§ Assigned task
Stop after the line that contains "qed (auto simp: heis_def heis_mult_assoc)"; until then, restate each line of the entries word for word from the very first.

§ Data records
◆ ◆ ◆
lemma heis_mult_assoc: "heis_mult (heis_mult a b) c = heis_mult a (heis_mult b c)"
proof -
  obtain n x y z n' x' y' z' n'' x'' y'' z''
    where abc: "a = (n, x, y, z)" "b = (n', x', y', z')" "c = (n'', x'', y'', z'')"
    by (cases a, cases b, cases c) auto
  have e1: "tpow n * tpow (- n - n') = tpow (- n')"
    and e2: "tpow (- n) * tpow (- n') = tpow (- n - n')"
    and e3: "tpow n * tpow n' = tpow (n + n')"
    by (simp_all add: tpow_mult)
  have "fst (heis_mult (heis_mult a b) c) = fst (heis_mult a (heis_mult b c))"
    by (simp add: abc)
  moreover have "fst (snd (heis_mult (heis_mult a b) c)) = fst (snd (heis_mult a (heis_mult b c)))"
    by (simp add: abc distrib_left e3 flip: mult.assoc)
  moreover have "fst (snd (snd (heis_mult (heis_mult a b) c)))
      = fst (snd (snd (heis_mult a (heis_mult b c))))"
    by (simp add: abc distrib_left e2 flip: mult.assoc)
  moreover have "snd (snd (snd (heis_mult (heis_mult a b) c)))
      = snd (snd (snd (heis_mult a (heis_mult b c))))"
    by (simp add: abc distrib_left distrib_right e1 e2 flip: mult.assoc)
  ultimately show ?thesis by (simp add: prod_eq_iff)
qed

lemma group_heis: "group heis"
proof (rule groupI)
  fix g :: heis_elem
  obtain n x y z where g: "g = (n, x, y, z)" by (cases g) auto
  have "tpow (- n) * x * (tpow n * y) = (tpow (- n) * tpow n) * (x * y)"
    by (simp only: mult_ac)
  then have "heis_mult (heis_inv g) g = (0, 0, 0, 0)"
    by (simp add: g tpow_mult distrib_left flip: mult.assoc)
  then show "\<exists>h\<in>carrier heis. h \<otimes>\<^bsub>heis\<^esub> g = \<one>\<^bsub>heis\<^esub>"
    by (intro bexI[of _ "heis_inv g"]) (simp_all add: heis_def)
qed (auto simp: heis_def heis_mult_assoc)

definition antisym_laurent :: "nat set \<Rightarrow> laurent set" where
  "antisym_laurent X = {z. (\<forall>j. Poly_Mapping.lookup z (- j) = - Poly_Mapping.lookup z j)
                         \<and> (\<forall>k. k \<notin> X \<longrightarrow> Poly_Mapping.lookup z (int k + 1) = 0)}"

definition central_part :: "nat set \<Rightarrow> heis_elem set" where
  "central_part X = {(0, 0, 0, z) | z. z \<in> antisym_laurent X}"

lemma heis_central: "heis_mult (0, 0, 0, z) g = heis_mult g (0, 0, 0, z)"
  by (cases g) (simp add: add.commute)

lemma subgroup_central_part: "subgroup (central_part X) heis"
proof (rule group.subgroupI[OF group_heis])
  fix c assume "c \<in> central_part X"
  then obtain z where c: "c = (0, 0, 0, z)" and z: "z \<in> antisym_laurent X"
    by (auto simp: central_part_def)
  have "inv\<^bsub>heis\<^esub> c = (0, 0, 0, - z)"
    by (rule group.inv_equality[OF group_heis]) (auto simp: c heis_def)
  moreover have "- z \<in> antisym_laurent X"
    using z by (simp add: antisym_laurent_def)
  ultimately show "inv\<^bsub>heis\<^esub> c \<in> central_part X"
    by (auto simp: central_part_def)
next
  fix c d assume "c \<in> central_part X" "d \<in> central_part X"
  then show "c \<otimes>\<^bsub>heis\<^esub> d \<in> central_part X"
    by (auto simp: central_part_def antisym_laurent_def heis_def Poly_Mapping.lookup_add)
next
  have "(0, 0, 0, 0) \<in> central_part X"
    by (auto simp: central_part_def antisym_laurent_def)
  then show "central_part X \<noteq> {}" by blast
qed (simp add: heis_def)

lemma (in group_hom) normal_vimage_central:
  assumes sub: "subgroup C H"
    and central: "\<And>c g. c \<in> C \<Longrightarrow> g \<in> carrier H \<Longrightarrow> c \<otimes>\<^bsub>H\<^esub> g = g \<otimes>\<^bsub>H\<^esub> c"
  shows "{x \<in> carrier G. h x \<in> C} \<lhd> G"
proof (rule G.normal_invI)
  show "subgroup {x \<in> carrier G. h x \<in> C} G"
    by (rule G.subgroupI) (auto simp: subgroup.one_closed[OF sub]
        intro: subgroup.m_closed[OF sub] subgroup.m_inv_closed[OF sub])
next
  fix g n assume g: "g \<in> carrier G" and n: "n \<in> {x \<in> carrier G. h x \<in> C}"
  then have "h (g \<otimes> n \<otimes> inv g) = h n \<otimes>\<^bsub>H\<^esub> h g \<otimes>\<^bsub>H\<^esub> inv\<^bsub>H\<^esub> h g"
    by (simp add: central)
  also have "\<dots> = h n"
    using g n by (simp add: H.m_assoc subgroup.mem_carrier[OF sub])
  finally show "g \<otimes> n \<otimes> inv g \<in> {x \<in> carrier G. h x \<in> C}"
    using g n by simp
qed

section \<open>The normal subgroups N_X and the witness words\<close>

fun letter_image :: "letter \<Rightarrow> heis_elem" where
  "letter_image (False, False) = (1, 0, 0, 0)"
| "letter_image (False, True) = (- 1, 0, 0, 0)"
| "letter_image (True, False) = (0, 1, 1, 0)"
| "letter_image (True, True) = (0, - 1, - 1, 1)"

lemma letter_image_inv_letter:
  "heis_mult (letter_image x) (letter_image (inv_letter x)) = (0, 0, 0, 0)"
  by (cases x rule: letter_image.cases) (simp_all add: inv_letter_def)

definition word_image :: "letter list \<Rightarrow> heis_elem" where
  "word_image w = foldr (\<lambda>l. heis_mult (letter_image l)) w (0, 0, 0, 0)"

lemma word_image_Nil [simp]: "word_image [] = (0, 0, 0, 0)"
  and word_image_Cons [simp]: "word_image (x # w) = heis_mult (letter_image x) (word_image w)"
  by (simp_all add: word_image_def)

lemma heis_mult_one [simp]: "heis_mult (0, 0, 0, 0) g = g" "heis_mult g (0, 0, 0, 0) = g"
  by (cases g; simp)+

lemma word_image_append: "word_image (u @ v) = heis_mult (word_image u) (word_image v)"
  by (induction u) (simp_all add: heis_mult_assoc)

lemma word_image_red_cons: "word_image (red_cons x w) = heis_mult (letter_image x) (word_image w)"
proof (cases w)
  case (Cons y ys)
  show ?thesis
    using letter_image_inv_letter[of x]
    by (simp add: Cons red_cons_Cons flip: heis_mult_assoc)
qed (simp add: red_cons_Nil)

lemma word_image_reduce: "word_image (reduce w) = word_image w"
proof -
  have "word_image (prepend u z) = heis_mult (word_image u) (word_image z)" for u z
    by (induction u) (simp_all add: word_image_red_cons heis_mult_assoc)
  then show ?thesis by (simp add: reduce_eq_prepend)
qed

lemma word_image_hom: "group_hom free_group2 heis word_image"
  by (rule group_hom.intro[OF group_free_group2 group_heis])
     (auto intro!: homI simp: group_hom_axioms_def free_group2_def heis_def
       word_image_reduce word_image_append)

definition marked_subgroup :: "nat set \<Rightarrow> letter list set" where
  "marked_subgroup X = {w \<in> carrier free_group2. word_image w \<in> central_part X}"

lemma marked_subgroup_in_G2: "marked_subgroup X \<in> G2"
  unfolding G2_def marked_subgroup_def mem_Collect_eq
  by (rule group_hom.normal_vimage_central[OF word_image_hom subgroup_central_part])
     (auto simp: heis_def central_part_def heis_central)

(* w_k = a^m b a^-m \<cdot> b \<cdot> a^m b^-1 a^-m \<cdot> b^-1 with m = k+1 (a = (False,False),
   b = (True,False)) is the commutator [a^m b a^-m, b]; its image is the central element
   (0, 0, 0, t^m - t^-m), which lies in the central part for X exactly when k \<in> X. *)
definition witness_word :: "nat \<Rightarrow> letter list" where
  "witness_word k =
     replicate (Suc k) (False, False) @ (True, False) # replicate (Suc k) (False, True) @
     (True, False) # replicate (Suc k) (False, False) @ (True, True) #
     replicate (Suc k) (False, True) @ [(True, True)]"

lemma length_witness_word: "length (witness_word k) = 4 * k + 8"
  by (simp add: witness_word_def)

lemma reduced_replicate_Cons:
  "freely_reduced (y # ys) \<Longrightarrow> y \<noteq> inv_letter x \<Longrightarrow> x \<noteq> inv_letter x \<Longrightarrow>
   freely_reduced (replicate (Suc j) x @ y # ys)"
  by (induction j) auto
◆ ◆ ◆
§ Your response
lemma heis_mult_assoc: "heis_mult (heis_mult a b) c = heis_mult a (heis_mult b c)"
proof -
  obtain n x y z n' x' y' z' n'' x'' y'' z''
    where abc: "a = (n, x, y, z)" "b = (n', x', y', z')" "c = (n'', x'', y'', z'')"
    by (cases a, cases b, cases c) auto
  have e1: "tpow n * tpow (- n - n') = tpow (- n')"
    and e2: "tpow (- n) * tpow (- n') = tpow (- n - n')"
    and e3: "tpow n * tpow n' = tpow (n + n')"
    by (simp_all add: tpow_mult)
  have "fst (heis_mult (heis_mult a b) c) = fst (heis_mult a (heis_mult b c))"
    by (simp add: abc)
  moreover have "fst (snd (heis_mult (heis_mult a b) c)) = fst (snd (heis_mult a (heis_mult b c)))"
    by (simp add: abc distrib_left e3 flip: mult.assoc)
  moreover have "fst (snd (snd (heis_mult (heis_mult a b) c)))
      = fst (snd (snd (heis_mult a (heis_mult b c))))"
    by (simp add: abc distrib_left e2 flip: mult.assoc)
  moreover have "snd (snd (snd (heis_mult (heis_mult a b) c)))
      = snd (snd (snd (heis_mult a (heis_mult b c))))"
    by (simp add: abc distrib_left distrib_right e1 e2 flip: mult.assoc)
  ultimately show ?thesis by (simp add: prod_eq_iff)
qed

lemma group_heis: "group heis"
proof (rule groupI)
  fix g :: heis_elem
  obtain n x y z where g: "g = (n, x, y, z)" by (cases g) auto
  have "tpow (- n) * x * (tpow n * y) = (tpow (- n) * tpow n) * (x * y)"
    by (simp only: mult_ac)
  then have "heis_mult (heis_inv g) g = (0, 0, 0, 0)"
    by (simp add: g tpow_mult distrib_left flip: mult.assoc)
  then show "\<exists>h\<in>carrier heis. h \<otimes>\<^bsub>heis\<^esub> g = \<one>\<^bsub>heis\<^esub>"
    by (intro bexI[of _ "heis_inv g"]) (simp_all add: heis_def)
qed (auto simp: heis_def heis_mult_assoc)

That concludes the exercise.